The Zn2+o-free normal Tyrode solution used was (in mM): NaCl 118, KCl 4. 5, MgCl2 1.0, CaCl2 1.8, glucose 10, and HEPES 10, pH 7.4 at 37 °C. See the Supplemental Materials for the concentration of the reagents used in this study.

Protocols for simulating I/R in cardiomyocytes or I/R in adult-rat hearts

Cultured neonatal ventricular myocytes

All procedures were performed in accordance with the Animal Care Guidelines of the National Taiwan University. The protocol for simulated I/R was modified from that described previously.4 In brief, myocytes were stabilized in O2 (21%)-Tyrode solution for 10 min, then were switched to 100% N2-saturated Tyrode solution for 30 min, followed by reperfusion for 4 h with O2-Tyrode solution.

Isolated adult-rat hearts

Adult rats were anesthetized and the isolated hearts retrogradely perfused in Langendorff mode. Adult-rat hearts were then subjected to 30 min of global ischemia by halting perfusion, followed by 2 h of reperfusion with Krebs–Henseleit bicarbonate buffer gassed with 95% O2/5% CO2 at 37 °C (pH 7.4).

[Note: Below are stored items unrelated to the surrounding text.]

(* Let $\bm{G}_t\in\mathbb{R}^{n_1\times n_2}$, $\epsilon_t>0$, $\bm{L}_t=\epsilon_t\bm{I}_{n_1}+\mathrm{diag}(\bm{G}_t\bm{G}_t^T)$, $\bm{R}_t=\epsilon_t\bm{I}_{n_2}+\mathrm{diag}(\bm{G}_t^T\bm{G}_t)$, and let $\bm{X}_t,\bm{X}\in\mathbb{R}^{n_1\times n_2}$ be rank-$r$ matrices, $\bm{X}_t=\bm{U}_t\bm{\Sigma}_t\bm{V}_t^T$ a compact SVD. Let $\widetilde{\mathcal{P}}_{\mathbb{T}_t}$ be the orthogonal projector, with respect to $\langle\cdot,\cdot\rangle_{\mathcal{W}_t}$, onto $\mathbb{T}_t=\{\bm{U}_t\bm{Q}^T+\bm{P}\bm{V}_t^T:\bm{P}\in\mathbb{R}^{n_1\times r},\bm{Q}\in\mathbb{R}^{n_2\times r}\}$. Then $$\big\|(\mathcal{I}-\widetilde{\mathcal{P}}_{\mathbb{T}_t})\bm{X}\big\|_{\mathcal{W}_t}\le\frac{\mu_t^{5/4}}{\nu_t^{7/4}\,\sigma_{\min}(\bm{X})}\,\|\bm{X}-\bm{X}_t\|_{\mathcal{W}_t}^2,$$ where $\nu_t=\epsilon_t^{1/2}$ and $\mu_t=(\epsilon_t+\|\bm{G}_t\|_\vee^2)^{1/2}$.
   Context: $\mathrm{diag}(\bm{M})$ keeps only the diagonal of $\bm{M}$. $\langle\bm{Z},\bm{Y}\rangle_{\mathcal{W}_t}=\langle\bm{L}_t^{1/4}\bm{Z}\bm{R}_t^{1/4},\bm{Y}\rangle$ with $\langle\bm{A},\bm{B}\rangle=\mathrm{trace}(\bm{A}^T\bm{B})$, and $\|\cdot\|_{\mathcal{W}_t}$ is the induced norm. $\mathcal{I}$ is the identity. $\|\bm{Z}\|_\vee=\max\{\max_i\|\bm{Z}(i,:)\|_2,\max_j\|\bm{Z}(:,j)\|_2\}$. $\sigma_{\min}(\bm{X})$ is the smallest nonzero singular value of $\bm{X}$. *)

theory Defs
  imports "HOL-Analysis.Analysis"
begin

text \<open>Matrices are real^'c^'r (rows indexed by 'r, columns by 'c).\<close>

definition mdiag :: "real^'n^'n \<Rightarrow> real^'n^'n" where
  "mdiag M = (\<chi> i j. if i = j then M $ i $ i else 0)"

definition diag_powr :: "real^'n^'n \<Rightarrow> real \<Rightarrow> real^'n^'n" where
  "diag_powr M p = (\<chi> i j. if i = j then (M $ i $ i) powr p else 0)"

definition winner :: "real^'m^'m \<Rightarrow> real^'n^'n \<Rightarrow> real^'n^'m \<Rightarrow> real^'n^'m \<Rightarrow> real" where
  "winner L R Z Y = trace (transpose (diag_powr L (1/4) ** Z ** diag_powr R (1/4)) ** Y)"

definition wnorm :: "real^'m^'m \<Rightarrow> real^'n^'n \<Rightarrow> real^'n^'m \<Rightarrow> real" where
  "wnorm L R Z = sqrt (winner L R Z Z)"

definition wproj :: "real^'m^'m \<Rightarrow> real^'n^'n \<Rightarrow> (real^'n^'m) set \<Rightarrow> real^'n^'m \<Rightarrow> real^'n^'m" where
  "wproj L R T Z = (THE Y. Y \<in> T \<and> (\<forall>W\<in>T. winner L R (Z - Y) W = 0))"

definition vee_norm :: "real^'n^'m \<Rightarrow> real" where
  "vee_norm Z = max (Max (range (\<lambda>i. norm (row i Z)))) (Max (range (\<lambda>j. norm (column j Z))))"

text \<open>Smallest nonzero singular value: singular values are the s > 0 with s^2 an
  eigenvalue of X^T X.\<close>
definition sigma_min :: "real^'n^'m \<Rightarrow> real" where
  "sigma_min X = Min {s. s > 0 \<and> (\<exists>v. v \<noteq> 0 \<and> (transpose X ** X) *v v = (s^2) *\<^sub>R v)}"

definition tangent_space :: "real^'r^'m \<Rightarrow> real^'r^'n \<Rightarrow> (real^'n^'m) set" where
  "tangent_space U V = {U ** transpose Q + P ** transpose V | P Q. True}"

end

theory Submission
  imports Defs
begin

(* Let P = I - U U^T and Q = I - V V^T, and E = P X Q. Since X - E lies in the tangent space,
   the weighted projection residual is at most |E|_W <= mu^(1/2) |E|_F: the weights
   L_ii^(1/4) R_jj^(1/4) of the weighted inner product lie in [nu, mu]. Writing a column X q of
   X Q as X v with v in the row space of X, the matching column of E is (P X) v, and
   |X v| >= sigma_min(X) |v|; hence sigma_min(X) |E|_F <= |P X|_F |X Q|_F. As P X_t = 0 and
   X_t Q = 0, both factors are at most |X - X_t|_F <= |X - X_t|_W / nu^(1/2). This gives the
   constant mu^(1/2) / nu, which is at most mu^(5/4) / nu^(7/4).
   The lower bound |X v| >= sigma_min(X) |v| on the row space comes from a minimiser of the
   Rayleigh quotient of X^T X there, which is an eigenvector of X^T X. *)

section \<open>Frobenius norm of matrices\<close>

lemma norm_matrix_power2:
  fixes A :: "real^'n^'m"
  shows "(norm A)\<^sup>2 = (\<Sum>i\<in>UNIV. \<Sum>j\<in>UNIV. (A $ i $ j)\<^sup>2)"
  unfolding power2_norm_eq_inner inner_vec_def inner_real_def by (simp add: power2_eq_square)

lemma norm_matrix_power2_columns:
  fixes A :: "real^'n^'m"
  shows "(norm A)\<^sup>2 = (\<Sum>j\<in>UNIV. (norm (column j A))\<^sup>2)"
  unfolding norm_matrix_power2 power2_norm_eq_inner inner_vec_def inner_real_def column_def
  by (subst sum.swap) (simp add: power2_eq_square)

lemma norm_transpose:
  fixes A :: "real^'n^'m"
  shows "norm (transpose A) = norm A"
proof (rule power2_eq_imp_eq)
  show "(norm (transpose A))\<^sup>2 = (norm A)\<^sup>2"
    unfolding norm_matrix_power2 transpose_def by (simp add: sum.swap[of "\<lambda>i j. (A $ j $ i)\<^sup>2"])
qed simp_all

lemma column_matrix_mult: "column j (A ** B) = A *v column j B"
  by (simp add: vec_eq_iff column_def matrix_matrix_mult_def matrix_vector_mult_def)

lemma norm_matrix_vector_mult_le:
  fixes A :: "real^'n^'m"
  shows "norm (A *v x) \<le> norm A * norm x"
proof -
  have "norm (A *v x) = L2_set (\<lambda>i. \<bar>inner (A $ i) x\<bar>) UNIV"
    unfolding norm_vec_def[of "A *v x"] by (simp add: matrix_vector_mul_component)
  also have "\<dots> \<le> L2_set (\<lambda>i. norm (A $ i) * norm x) UNIV"
    by (intro L2_set_mono Cauchy_Schwarz_ineq2) simp
  also have "\<dots> = norm A * norm x"
    unfolding norm_vec_def[of A] by (simp add: L2_set_left_distrib)
  finally show ?thesis .
qed

lemma norm_le_by_columns:
  fixes A :: "real^'n^'m" and B :: "real^'n^'k"
  assumes "0 \<le> c" and "\<And>j. norm (column j A) \<le> c * norm (column j B)"
  shows "norm A \<le> c * norm B"
proof (rule power2_le_imp_le)
  have "(norm A)\<^sup>2 \<le> (\<Sum>j\<in>UNIV. (c * norm (column j B))\<^sup>2)"
    unfolding norm_matrix_power2_columns by (intro sum_mono power_mono assms(2)) simp
  then show "(norm A)\<^sup>2 \<le> (c * norm B)\<^sup>2"
    by (simp add: norm_matrix_power2_columns[of B] power_mult_distrib sum_distrib_left)
qed (use assms in simp)

lemma norm_entrywise_scale_le:
  fixes Z :: "real^'n^'m"
  assumes "\<And>i j. \<bar>w i j\<bar> \<le> c"
  shows "norm (\<chi> i j. w i j * Z $ i $ j) \<le> c * norm Z"
proof (rule power2_le_imp_le)
  have "\<bar>w i j\<bar>\<^sup>2 \<le> c\<^sup>2" for i j
    using assms[of i j] by (intro power_mono) auto
  then have "(w i j * Z $ i $ j)\<^sup>2 \<le> c\<^sup>2 * (Z $ i $ j)\<^sup>2" for i j
    by (simp add: power_mult_distrib mult_right_mono)
  then show "(norm (\<chi> i j. w i j * Z $ i $ j))\<^sup>2 \<le> (c * norm Z)\<^sup>2"
    unfolding norm_matrix_power2 power_mult_distrib[of c] by (simp add: sum_distrib_left sum_mono)
  have "0 \<le> c" using assms by (meson abs_ge_zero order_trans)
  then show "0 \<le> c * norm Z" by simp
qed

lemma norm_entrywise_scale_ge:
  fixes Z :: "real^'n^'m"
  assumes "0 \<le> c" and "\<And>i j. c \<le> \<bar>w i j\<bar>"
  shows "c * norm Z \<le> norm (\<chi> i j. w i j * Z $ i $ j)"
proof (rule power2_le_imp_le)
  have "c\<^sup>2 \<le> \<bar>w i j\<bar>\<^sup>2" for i j
    using assms by (intro power_mono) auto
  then have "c\<^sup>2 * (Z $ i $ j)\<^sup>2 \<le> (w i j * Z $ i $ j)\<^sup>2" for i j
    by (simp add: power_mult_distrib mult_right_mono)
  then show "(c * norm Z)\<^sup>2 \<le> (norm (\<chi> i j. w i j * Z $ i $ j))\<^sup>2"
    unfolding norm_matrix_power2 power_mult_distrib[of c] by (simp add: sum_distrib_left sum_mono)
qed simp

section \<open>Matrix algebra and complementary projections\<close>

lemma transpose_add: "transpose (A + B) = transpose A + transpose (B :: 'a::semiring_1^'n^'m)"
  by (simp add: vec_eq_iff transpose_def)

lemma transpose_diff: "transpose (A - B) = transpose A - transpose (B :: 'a::ring_1^'n^'m)"
  by (simp add: vec_eq_iff transpose_def)

lemma matrix_add_rdistrib: "(A + B) ** C = A ** C + B ** (C :: 'a::semiring_1^'n^'m)"
  by (simp add: vec_eq_iff matrix_matrix_mult_def sum.distrib distrib_right)

lemma matrix_diff_ldistrib: "A ** (B - C) = A ** B - A ** (C :: 'a::ring_1^'n^'m)"
  by (simp add: vec_eq_iff matrix_matrix_mult_def sum_subtractf right_diff_distrib)

lemma matrix_diff_rdistrib: "(A - B) ** C = A ** C - B ** (C :: 'a::ring_1^'n^'m)"
  by (simp add: vec_eq_iff matrix_matrix_mult_def sum_subtractf left_diff_distrib)

lemma matrix_mult_zero_right: "A ** 0 = (0 :: 'a::semiring_1^'n^'m)"
  by (simp add: vec_eq_iff matrix_matrix_mult_def)

lemma inner_matrix_vector_mult_transpose:
  fixes A :: "real^'n^'m"
  shows "inner (A *v x) y = inner x (transpose A *v y)"
  by (metis dot_lmul_matrix inner_commute transpose_matrix_vector)

definition compl_proj :: "real^'r^'n \<Rightarrow> real^'n^'n" where
  "compl_proj U = mat 1 - U ** transpose U"

lemma transpose_compl_proj: "transpose (compl_proj U) = compl_proj U"
  by (simp add: compl_proj_def transpose_diff matrix_transpose_mul)

lemma compl_proj_mult_self:
  assumes "transpose U ** U = mat 1"
  shows "compl_proj U ** U = 0"
  by (simp add: compl_proj_def matrix_diff_rdistrib matrix_mul_assoc[symmetric] assms)

lemma transpose_mult_compl_proj:
  assumes "transpose U ** U = mat 1"
  shows "transpose U ** compl_proj U = 0"
  by (simp add: compl_proj_def matrix_diff_ldistrib matrix_mul_assoc assms)

lemma norm_compl_proj_vector_le:
  fixes U :: "real^'r^'n"
  assumes "transpose U ** U = mat 1"
  shows "norm (compl_proj U *v a) \<le> norm a"
proof -
  define u where "u = transpose U *v a"
  define c where "c = U *v u"
  have split: "a = compl_proj U *v a + c"
    by (simp add: compl_proj_def c_def u_def matrix_vector_mult_diff_rdistrib
        matrix_vector_mul_assoc del: transpose_matrix_vector)
  have "inner c c = inner u u"
    unfolding c_def inner_matrix_vector_mult_transpose[of U u]
    by (simp add: matrix_vector_mul_assoc assms del: transpose_matrix_vector)
  moreover have "inner a c = inner u u"
    using inner_matrix_vector_mult_transpose[of U u a] by (simp add: c_def u_def inner_commute)
  ultimately have "orthogonal (compl_proj U *v a) c"
    using split by (metis add_diff_cancel_right' inner_diff_left orthogonal_def right_minus_eq)
  then have "(norm a)\<^sup>2 = (norm (compl_proj U *v a))\<^sup>2 + (norm c)\<^sup>2"
    using split norm_add_Pythagorean by metis
  then have "(norm (compl_proj U *v a))\<^sup>2 \<le> (norm a)\<^sup>2" by simp
  then show ?thesis by (rule power2_le_imp_le) simp
qed
(* Let $k>0$ be an integer and let $a_0,a_1,\ldots,a_k$ be fixed integers with $a_j\neq 0$ for at least one $j\in\{1,\ldots,k\}$. For $n>k$ let $P_{2n}(x)=x^n\big(x^n+a_0+x^{-n}+\sum_{j=1}^k a_j(x^j+x^{-j})\big)$ and let $f_2(t)=-\frac{a_0}{2}-\sum_{j=1}^k a_j\cos(jt)$. Then $$\lim_{n\to\infty} C(P_{2n})=\frac{1}{2\pi}\,\lambda\big(\{t\in[0,2\pi]: |f_2(t)|\ge 1\}\big),$$ where $\lambda$ denotes Lebesgue measure. Equivalently, if $0=t_0<t_1<\cdots<t_p=2\pi$ are $0$, $2\pi$ and all solutions in $(0,2\pi)$ of $f_2(t)=\pm1$, and $J$ is the set of indices $j$ with $|f_2(t)|<1$ on $(t_{j-1},t_j)$, then $\lim_{n\to\infty}C(P_{2n})=1-\sum_{j\in J}\frac{t_j-t_{j-1}}{2\pi}$.
   Context: For a polynomial $P$ of degree $d$, let $I(P)$, $U(P)$, $E(P)$ denote the numbers of complex zeros of $P$ (counted with multiplicity) of modulus $<1$, $=1$, $>1$ respectively. For the degree-$2n$ polynomial $P_{2n}$, $C(P_{2n})=\frac{I(P_{2n})+E(P_{2n})}{2n}$. *)

theory Defs
  imports "HOL-Analysis.Analysis" "HOL-Computational_Algebra.Polynomial"
begin

definition zeros_inside :: "complex poly \<Rightarrow> nat" where
  "zeros_inside p = size (filter_mset (\<lambda>z. cmod z < 1) (proots p))"

definition zeros_on :: "complex poly \<Rightarrow> nat" where
  "zeros_on p = size (filter_mset (\<lambda>z. cmod z = 1) (proots p))"

definition zeros_outside :: "complex poly \<Rightarrow> nat" where
  "zeros_outside p = size (filter_mset (\<lambda>z. cmod z > 1) (proots p))"

text \<open>P_{2n}(x) = x^{2n} + a_0 x^n + 1 + sum_{j=1}^k a_j (x^{n+j} + x^{n-j});
  this is the intended polynomial for n > k (for n <= k the truncated
  subtraction gives some irrelevant polynomial).\<close>
definition P2n :: "nat \<Rightarrow> (nat \<Rightarrow> int) \<Rightarrow> nat \<Rightarrow> complex poly" where
  "P2n k a n = monom 1 (2*n) + monom (of_int (a 0)) n + 1
     + (\<Sum>j\<in>{1..k}. monom (of_int (a j)) (n + j) + monom (of_int (a j)) (n - j))"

Simultaneous measurement of changes in the [O2−•]i and [Zn2+]i using time-lapse confocal microscopy

A Leica SP confocal laser scanning imaging system (Leica Microsystems, Wetzlar, Germany) equipped with a 63 × oil-immersion objective was used. FluoZin-3 AM (green) and MitoSox Red (red) were co-loaded with MTG into cardiomyocytes to simultaneously detect dynamic changes in the [O2−•]i and [Zn2+]i. MitoSox Red is a high affinity and selective fluorescent probe for the [O2−•]i. TSQ is a non-acetoxymethyl ester Zn2+ indicator. Although it is a very sensitive Zn2+ probe (Kd=10 nM),10 it does not depend on cleavage of an acetoxymethyl ester group for uptake and fluorescence, so intracellular TSQ leaks out within a few minutes and it is not possible to measure sequential fluorescent changes.30 The rest of recording detail, please see Supplemental Methods.

For western blot analysis, siRNA transfection, qPCR measurement, and detection of apoptosis, see the Supplemental Materials.

Statistics

All values are presented as the mean±SEM of N independent experiments. All data were subjected to one-way ANOVA followed by a post hoc test with the Bonferroni's correction. P<0.05 was considered to be statistically significant.